The script is worth reading in itself, but in the introduction, Mamet presents elements of the directing experience which will at once be familiar to anybody who has tried it, but which I’ve never seen quite so candidly represented elsewhere:
‘…the production designer had questions about the colour of a wall; the costume designer wanted to go out shopping; the propmaster wanted to know how many poker chips of what colour were needed… Everybody said that the prime requirement of a film director was good health, and I quickly saw the reason why. Each decision is going to affect the film… sloppiness won’t do. Petulance won’t do.’

Once Mamet has realised that the job is, ‘in the main, administrative’, and that his own pre-prepared storyboards look like ‘amoebas’, he sets about directing the film. Were you to not have known this was his first film, you may have been able to guess from its style that it’s the work of somebody trying very hard to be careful, and to not screw up.
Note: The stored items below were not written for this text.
lemma borel_measurable_undominated:
  assumes "complete_pattern b" "t\<^sub>0 \<in> false_positions b"
  shows "(\<lambda>w. indicator (pattern_event b) w * indicator {w. z_count b w = k \<and> undominated b t\<^sub>0 w} w
    :: ennreal) \<in> borel_measurable sample_space"
  unfolding indicator_undominated[OF assms] sample_space_def
  by (intro borel_measurable_sum borel_measurable_prod_undominated_set) auto

lemma emeasure_undominated_set_le:
  assumes b: "complete_pattern b" and t\<^sub>0: "t\<^sub>0 \<in> false_positions b"
    and y: "y \<in> Xbox" "y \<in> pattern_set b t\<^sub>0"
  shows "emeasure mu (undominated_set b A y t)
    \<le> (if t \<in> A then ennreal (measure mu (X n) - c n) else emeasure mu (z_pattern_set b A t))"
proof (cases "t \<in> A")
  case True
  have y_notin: "y \<notin> X (count_true_before b t\<^sub>0)"
    using y t\<^sub>0 by (simp add: pattern_set_def false_positions_def)
  then have "count_true_before b t\<^sub>0 \<noteq> 0" using y(1) by (auto simp: thr_set_def split: if_splits)
  moreover have "count_true_before b t\<^sub>0 < n"
    using count_true_before_less[OF b] t\<^sub>0 by (simp add: false_positions_def)
  ultimately show ?thesis
    using True emeasure_not_above_le[OF y(1) y_notin] by (simp add: undominated_set_def)
qed (simp add: undominated_set_def)

lemma prod_undominated_bound_eq:
  assumes "finite I" "A \<subseteq> I" "card A = k"
  shows "(\<Prod>t\<in>I. if t \<in> A then ennreal (measure mu (X n) - c n) else emeasure mu (z_pattern_set b A t))
    = ennreal (1 - c n / measure mu (X n)) ^ k * (\<Prod>t\<in>I. emeasure mu (z_pattern_set b A t))"
proof -
  define m where "m = measure mu (X n)"
  define q where "q = 1 - c n / m"
  have m_pos: "0 < m" and cn_le_m: "c n \<le> m"
    using measure_thr_set_pos measure_thr_set_ge n_ge_1 by (auto simp: m_def)
  have "m - c n = q * m" using m_pos by (simp add: q_def left_diff_distrib)
  moreover have "0 \<le> q" using m_pos cn_le_m by (simp add: q_def)
  ultimately have "ennreal (m - c n) = ennreal q * emeasure mu (X n)"
    using m_pos by (simp add: ennreal_mult mu.emeasure_eq_measure m_def)
  then have "(if t \<in> A then ennreal (m - c n) else emeasure mu (z_pattern_set b A t))
      = (if t \<in> A then ennreal q else 1) * emeasure mu (z_pattern_set b A t)" for t
    by (simp add: z_pattern_set_def)
  then have "(\<Prod>t\<in>I. if t \<in> A then ennreal (m - c n) else emeasure mu (z_pattern_set b A t))
      = (\<Prod>t\<in>I. (if t \<in> A then ennreal q else 1) * emeasure mu (z_pattern_set b A t))"
    by (rule prod.cong[OF refl])
  also have "\<dots> = (\<Prod>t\<in>I. if t \<in> A then ennreal q else 1) * (\<Prod>t\<in>I. emeasure mu (z_pattern_set b A t))"
    by (rule prod.distrib)
  also have "(\<Prod>t\<in>I. if t \<in> A then ennreal q else 1) = ennreal q ^ k"
    using prod.inter_restrict[of I "\<lambda>_. ennreal q" A] assms
    by (simp add: Int_absorb1 del: prod.inter_restrict)
  finally show ?thesis by (simp only: m_def q_def)
qed

lemma nn_integral_prod_undominated_set_le:
  assumes b: "complete_pattern b" and t\<^sub>0: "t\<^sub>0 \<in> false_positions b" and A: "A \<in> z_subsets b k"
  shows "(\<integral>\<^sup>+w. (\<Prod>t<length b. indicator (undominated_set b A (w t\<^sub>0) t) (w t)) \<partial>sample_space)
    \<le> ennreal (1 - c n / measure mu (X n)) ^ k * (\<Prod>t<length b. emeasure mu (z_pattern_set b A t))"
proof -
  define I where "I = {..<length b} - {t\<^sub>0}"
  define K where "K = (\<Prod>t\<in>I. if t \<in> A then ennreal (measure mu (X n) - c n)
    else emeasure mu (z_pattern_set b A t))"
  have t\<^sub>0_less: "t\<^sub>0 < length b" and t\<^sub>0_notin: "t\<^sub>0 \<notin> true_positions b" "t\<^sub>0 \<notin> A"
    using t\<^sub>0 A by (auto simp: false_positions_def true_positions_def z_subsets_def)
  have A_I: "A \<subseteq> I" and card_A: "card A = k" and finite_I: "finite I"
    using A t\<^sub>0_notin by (auto simp: z_subsets_def I_def true_positions_def)
  have t\<^sub>0_set: "undominated_set b A y t\<^sub>0 = pattern_set b t\<^sub>0"
    "z_pattern_set b A t\<^sub>0 = pattern_set b t\<^sub>0" for y
    using t\<^sub>0_notin by (simp_all add: undominated_set_def z_pattern_set_def)
  have K_eq: "K = ennreal (1 - c n / measure mu (X n)) ^ k * (\<Prod>t\<in>I. emeasure mu (z_pattern_set b A t))"
    unfolding K_def by (rule prod_undominated_bound_eq[OF finite_I A_I card_A])
  have "(\<integral>\<^sup>+w. (\<Prod>t<length b. indicator (undominated_set b A (w t\<^sub>0) t) (w t)) \<partial>sample_space)
      = (\<integral>\<^sup>+y. indicator (pattern_set b t\<^sub>0) y * (\<Prod>t\<in>I. emeasure mu (undominated_set b A y t)) \<partial>mu)"
    unfolding I_def using t\<^sub>0_less
    by (subst nn_integral_sample_space_prod_indicator_dependent)
       (auto intro: borel_measurable_prod_undominated_set simp: t\<^sub>0_set)
  also have "\<dots> \<le> (\<integral>\<^sup>+y. indicator (pattern_set b t\<^sub>0) y * K \<partial>mu)"
  proof (rule nn_integral_mono_AE, rule AE_mp[OF AE_mu_Xbox], intro AE_I2 impI)
    fix y assume "y \<in> Xbox"
    then have "y \<in> pattern_set b t\<^sub>0 \<Longrightarrow> (\<Prod>t\<in>I. emeasure mu (undominated_set b A y t)) \<le> K"
      unfolding K_def by (intro prod_mono_ennreal emeasure_undominated_set_le[OF b t\<^sub>0])
    then show "indicator (pattern_set b t\<^sub>0) y * (\<Prod>t\<in>I. emeasure mu (undominated_set b A y t))
        \<le> indicator (pattern_set b t\<^sub>0) y * K"
      by (cases "y \<in> pattern_set b t\<^sub>0") (auto intro: mult_left_mono)
  qed
  also have "\<dots> = emeasure mu (pattern_set b t\<^sub>0) * K"
    by (subst nn_integral_multc) auto
  also have "\<dots> = ennreal (1 - c n / measure mu (X n)) ^ k
      * (\<Prod>t<length b. emeasure mu (z_pattern_set b A t))"
    using t\<^sub>0_less unfolding K_eq I_def
    by (subst (2) prod.remove[of _ t\<^sub>0]) (auto simp: t\<^sub>0_set ac_simps)
  finally show ?thesis .
qed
As with Mamet’s dialogue, both the performances and the edit are very tempered, calm and controlled. The camera swoops slowly in and out, shifting from behind walls, sitting still when it needs to. As the con-men who populate Mamet’s world need to maintain a constant, reassuring eye-contact with their mark, so does the movie maintain a constant eye-contact with us, lest we look away for a second and spot one of the many tricks that it’s aiming to play behind our backs. The entire attitude of the movie is reminiscent of a Paul Auster novel. As Auster uses simple words and simple sentences to build a structure that is ever more strange and teetering, so does Mamet use simplicity to communicate his story, before spinning us around, to reveal a whole new, unthought-of layer to his world. A gun turns out to be a water-pistol, blood turns out to be fake dye, a policeman turns out to be an actor. So when the final weapon of the movie is brandished, you’ll be forgiven for wondering what it’s loaded with.
House of Games is a bewitching, and sadly underrated film. Its collected style is both refreshing and educational. For weeks, you will hear the noir-ish plonk of its xylophone soundtrack as you drift off to sleep.